Солдат с распухшей щекой сердито глядел на песельников кавалеристов.
– Ох, щегольки! – проговорил он укоризненно.
– Нынче не то что солдат, а и мужичков видал! Мужичков и тех гонят, – сказал с грустной улыбкой солдат, стоявший за телегой и обращаясь к Пьеру. – Нынче не разбирают… Всем народом навалиться хотят, одью слово – Москва. Один конец сделать хотят. – Несмотря на неясность слов солдата, Пьер понял все то, что он хотел сказать, и одобрительно кивнул головой.
Дорога расчистилась, и Пьер сошел под гору и поехал дальше.

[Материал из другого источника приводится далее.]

(* Linearity of expectation over the independent target movements: only the
   marginals, i.e. the law p_semi of one movement, matter. *)
lemma expectation_Pi_move_pmf:
  fixes F :: "nat \<Rightarrow> nat \<Rightarrow> real"
  assumes "0 \<le> pi0" "pi0 \<le> 1" "g \<ge> 1"
  shows "measure_pmf.expectation (Pi_pmf {..<k} 0 (\<lambda>_. move_pmf pi0 g)) (\<lambda>pos. \<Sum>n<k. F n (pos n))
     = (\<Sum>n<k. \<Sum>j\<in>{0..g}. p_semi pi0 g j * F n j)"
proof -
  let ?P = "Pi_pmf {..<k} 0 (\<lambda>_. move_pmf pi0 g)"
  have marginal: "measure_pmf.expectation ?P (\<lambda>pos. F n (pos n))
      = measure_pmf.expectation (move_pmf pi0 g) (F n)" if "n < k" for n
  proof -
    have "measure_pmf.expectation ?P (\<lambda>pos. F n (pos n))
        = measure_pmf.expectation (map_pmf (\<lambda>pos. pos n) ?P) (F n)" by simp
    also have "map_pmf (\<lambda>pos. pos n) ?P = move_pmf pi0 g"
      using that by (subst Pi_pmf_component) auto
    finally show ?thesis .
  qed
  have "measure_pmf.expectation ?P (\<lambda>pos. \<Sum>n<k. F n (pos n))
      = (\<Sum>n<k. measure_pmf.expectation ?P (\<lambda>pos. F n (pos n)))"
    by (intro Bochner_Integration.integral_sum integrable_measure_pmf_finite
        finite_set_Pi_move_pmf assms(3))
  also have "\<dots> = (\<Sum>n<k. measure_pmf.expectation (move_pmf pi0 g) (F n))"
    by (rule sum.cong) (simp_all add: marginal)
  finally show ?thesis by (simp add: expectation_move_pmf[OF assms])
qed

Пьер ехал, оглядываясь по обе стороны дороги, отыскивая знакомые лица и везде встречая только незнакомые военные лица разных родов войск, одинаково с удивлением смотревшие на его белую шляпу и зеленый фрак.
Проехав версты четыре, он встретил первого знакомого и радостно обратился к нему. Знакомый этот был один из начальствующих докторов в армии. Он в бричке ехал навстречу Пьеру, сидя рядом с молодым доктором, и, узнав Пьера, остановил своего казака, сидевшего на козлах вместо кучера.

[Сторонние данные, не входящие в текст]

(* Let $\nu\ge1$, $d:\mathbb{Z}^\nu\to\mathbb{C}$ bounded, $J=J_0+D$ on $\ell^2(\mathbb{Z}^\nu)$. Suppose that for some $j\in\{1,\dots,\nu\}$, $$\sup_{(k_1,\dots,k_{j-1},k_{j+1},\dots,k_\nu)\in\mathbb{Z}^{\nu-1}}\big|\Im\big(d(k_1,\dots,k_{j-1},n,k_{j+1},\dots,k_\nu)\big)\big|\to0$$ as $n\to+\infty$ (or as $n\to-\infty$). (For $\nu=1$ this means $\Im(d(n))\to0$ as $n\to+\infty$, or as $n\to-\infty$.) Then every boundary eigenvalue of $J$ is real.
   Context: $J_0$ is the discrete Laplacian on $\ell^2(\mathbb{Z}^\nu)$: $(J_0u)(k)=\sum_{l\in\mathbb{Z}^\nu:\|l\|_1=1}u(k+l)$, $\|l\|_1=\sum_j|l_j|$. $D$ is multiplication by $d$. The numerical range is $\operatorname{Num}(J)=\{\langle Ju,u\rangle:\|u\|=1\}$, and a boundary eigenvalue of $J$ is an eigenvalue of $J$ lying in the topological boundary of $\operatorname{Num}(J)$. *)

theory Defs
  imports "HOL-Analysis.Analysis"
begin

text \<open>Lattice points of Z^nu are vectors int^'n, with 'n a finite index type (CARD('n) = nu >= 1).
  Sequences on Z^nu are functions int^'n => complex.\<close>

definition l2 :: "('a \<Rightarrow> complex) set" where
  "l2 = {u. (\<lambda>k. (cmod (u k))^2) summable_on UNIV}"

definition l2norm :: "('a \<Rightarrow> complex) \<Rightarrow> real" where
  "l2norm u = sqrt (infsum (\<lambda>k. (cmod (u k))^2) UNIV)"

definition l2inner :: "('a \<Rightarrow> complex) \<Rightarrow> ('a \<Rightarrow> complex) \<Rightarrow> complex" where
  "l2inner u v = infsum (\<lambda>k. u k * cnj (v k)) UNIV"

definition J0 :: "(int^'n \<Rightarrow> complex) \<Rightarrow> int^'n \<Rightarrow> complex" where
  "J0 u k = (\<Sum>l\<in>{l :: int^'n. (\<Sum>i\<in>UNIV. \<bar>l $ i\<bar>) = 1}. u (k + l))"

definition jacobi :: "(int^'n \<Rightarrow> complex) \<Rightarrow> (int^'n \<Rightarrow> complex) \<Rightarrow> int^'n \<Rightarrow> complex" where
  "jacobi d u k = J0 u k + d k * u k"

definition numrange :: "(int^'n \<Rightarrow> complex) \<Rightarrow> complex set" where
  "numrange d = {l2inner (jacobi d u) u | u. u \<in> l2 \<and> l2norm u = 1}"

definition is_eigenvalue :: "(int^'n \<Rightarrow> complex) \<Rightarrow> complex \<Rightarrow> bool" where
  "is_eigenvalue d z \<longleftrightarrow> (\<exists>u\<in>l2. u \<noteq> (\<lambda>_. 0) \<and> jacobi d u = (\<lambda>k. z * u k))"

definition boundary_eigenvalue :: "(int^'n \<Rightarrow> complex) \<Rightarrow> complex \<Rightarrow> bool" where
  "boundary_eigenvalue d z \<longleftrightarrow> is_eigenvalue d z \<and> z \<in> frontier (numrange d)"

end

theory Submission
  imports Defs
begin

text \<open>
  Let \<open>J u = z u\<close> with \<open>u \<noteq> 0\<close>. Perturbing \<open>u\<close> along a unit vector \<open>\<delta>\<^sub>k\<close> gives
  \<open>\<langle>J(u + t\<delta>\<^sub>k), u + t\<delta>\<^sub>k\<rangle> = z \<parallel>u + t\<delta>\<^sub>k\<parallel>\<^sup>2 + t a + |t|\<^sup>2 b\<close> with
  \<open>a = 2 i (Im (d k) - Im z) cnj (u k)\<close>. If \<open>a \<noteq> 0\<close>, a Brouwer fixed point argument solves
  \<open>t a + |t|\<^sup>2 b = e \<parallel>u + t\<delta>\<^sub>k\<parallel>\<^sup>2\<close> for all small \<open>e\<close>, so a whole disc around \<open>z\<close> consists
  of Rayleigh quotients and \<open>z\<close> is interior to the numerical range. Hence a boundary
  eigenvalue satisfies \<open>Im (d k) = Im z\<close> wherever \<open>u k \<noteq> 0\<close>. If \<open>Im z \<noteq> 0\<close>, the decay
  hypothesis makes \<open>u\<close> vanish on a coordinate half-space, and a unique continuation
  property of the discrete Laplacian then forces \<open>u = 0\<close>, a contradiction.
\<close>

definition nbr :: "(int^'n) set" where
  "nbr = {l. (\<Sum>i\<in>UNIV. \<bar>l $ i\<bar>) = 1}"

lemma J0_nbr: "J0 u k = (\<Sum>l\<in>nbr. u (k + l))"
  by (simp add: J0_def nbr_def)

lemma nbr_component_le: "l \<in> nbr \<Longrightarrow> \<bar>l $ i\<bar> \<le> 1"
  using member_le_sum[of i UNIV "\<lambda>i. \<bar>l $ i\<bar>"] by (simp add: nbr_def)

lemma finite_nbr: "finite (nbr :: (int^'n) set)"
proof -
  let ?cube = "PiE (UNIV::'n set) (\<lambda>_. {-1..1::int})"
  have "nbr \<subseteq> (\<lambda>f. \<chi> i. f i) ` ?cube"
  proof
    fix l :: "int^'n" assume "l \<in> nbr"
    hence "(\<lambda>i. l $ i) \<in> ?cube"
      using nbr_component_le by (auto simp: abs_le_iff)
    thus "l \<in> (\<lambda>f. \<chi> i. f i) ` ?cube" by (intro image_eqI[of _ _ "\<lambda>i. l $ i"]) auto
  qed
  thus ?thesis by (rule finite_subset) (intro finite_imageI finite_PiE; simp)
qed

lemma zero_notin_nbr: "0 \<notin> nbr"
  by (simp add: nbr_def)

lemma uminus_nbr: "l \<in> nbr \<Longrightarrow> - l \<in> nbr"
  by (simp add: nbr_def)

– Граф! Ваше сиятельство, вы как тут? – спросил доктор.
– Да вот хотелось посмотреть…
– Да, да, будет что посмотреть…
Пьер слез и, остановившись, разговорился с доктором, объясняя ему свое намерение участвовать в сражении.
Доктор посоветовал Безухову прямо обратиться к светлейшему.

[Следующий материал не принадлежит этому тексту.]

lemma sphere_normal_central: "central_form \<theta> sphere_normal"
proof -
  have "a * sphere_normal k - sphere_normal k * twist \<theta> k a \<in> tsideal (rels \<theta>)" for a k
  proof (rule commutation_mod_tsideal[where \<sigma> = "twist \<theta> k"])
    fix j
    have "gen j * sphere_normal k - sphere_normal k * twist \<theta> k (gen j)
        = const (1/2) * (gen j * gen (partner k)
            - const (Rmat \<theta> (partner k) j) * (gen (partner k) * gen j))"
      by (simp add: sphere_normal_def twist_gen Rmat_partner_left right_diff_distrib mult.assoc
          gen_mult_const_mult const_mult_const_mult)
    then show "gen j * sphere_normal k - sphere_normal k * twist \<theta> k (gen j) \<in> tsideal (rels \<theta>)"
      by (simp add: tsideal_mult_left rel_in_tsideal)
  qed (simp_all add: twist_add twist_mult)
  then show ?thesis
    by (simp add: central_form_def eqOmega_def eqA_def lmul_apply rmul_apply)
qed

lemma metric_sum_eq_sphere_normal:
  "(\<Sum>i\<in>UNIV. \<Sum>j\<in>UNIV. lmul (const (gmet i j) * gen i) (dz j)) = sphere_normal"
proof (rule ext)
  fix k
  show "(\<Sum>i\<in>UNIV. \<Sum>j\<in>UNIV. lmul (const (gmet i j) * gen i) (dz j)) k = sphere_normal k"
    by (cases k) (simp_all add: sum_fun_apply lmul_apply dz_def UNIV_idx gmet_def Pmat_def sphere_normal_def)
qed

lemma ginv2_eq_sum_partner:
  "ginv2 \<theta> \<omega> \<eta> = (\<Sum>i\<in>UNIV. const 2 * (\<omega> i * twist \<theta> i (\<eta> (partner i))))"
proof -
  have "const (ginvmat i j) * h = (if j = partner i then const 2 * h else 0)" for i j h
    by (simp add: ginvmat_def Pmat_eq_partner)
  then show ?thesis
    by (simp add: ginv2_def sum.delta')
qed

lemma twist_sphere_normal_partner: "twist \<theta> i (sphere_normal (partner i)) = const (1/2) * gen i"
  by (simp add: sphere_normal_def twist_mult twist_gen Rmat_diag)

lemma ginv2_dz_sphere_normal: "ginv2 \<theta> (dz i) sphere_normal = gen i"
proof -
  have "const 2 * (dz i k * twist \<theta> k (sphere_normal (partner k)))
      = (if k = i then const 2 * (const (1/2) * gen i) else 0)" for k
    by (simp add: dz_def twist_sphere_normal_partner)
  then show ?thesis
    by (simp add: ginv2_eq_sum_partner sum.delta' const_mult_const_mult)
qed

lemma ginv2_sphere_normal:
  "ginv2 \<theta> sphere_normal sphere_normal = const (1/2) * (gen Z3 * gen Z1) + const (1/2) * (gen Z4 * gen Z2)
     + const (1/2) * (gen Z1 * gen Z3) + const (1/2) * (gen Z2 * gen Z4)"
proof -
  have "const 2 * (sphere_normal i * twist \<theta> i (sphere_normal (partner i)))
      = const (1/2) * (gen (partner i) * gen i)" for i
    by (simp only: twist_sphere_normal_partner)
      (simp add: sphere_normal_def mult.assoc gen_mult_const_mult const_mult_const_mult)
  then show ?thesis
    by (simp add: ginv2_eq_sum_partner UNIV_idx add_ac)
qed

– Что же вам бог знает где находиться во время сражения, в безызвестности, – сказал он, переглянувшись с своим молодым товарищем, – а светлейший все таки знает вас и примет милостиво. Так, батюшка, и сделайте, – сказал доктор.
Доктор казался усталым и спешащим.
– Так вы думаете… А я еще хотел спросить вас, где же самая позиция? – сказал Пьер.
– Позиция? – сказал доктор. – Уж это не по моей части. Проедете Татаринову, там что то много копают. Там на курган войдете: оттуда видно, – сказал доктор.
– И видно оттуда?.. Ежели бы вы…
Но доктор перебил его и подвинулся к бричке.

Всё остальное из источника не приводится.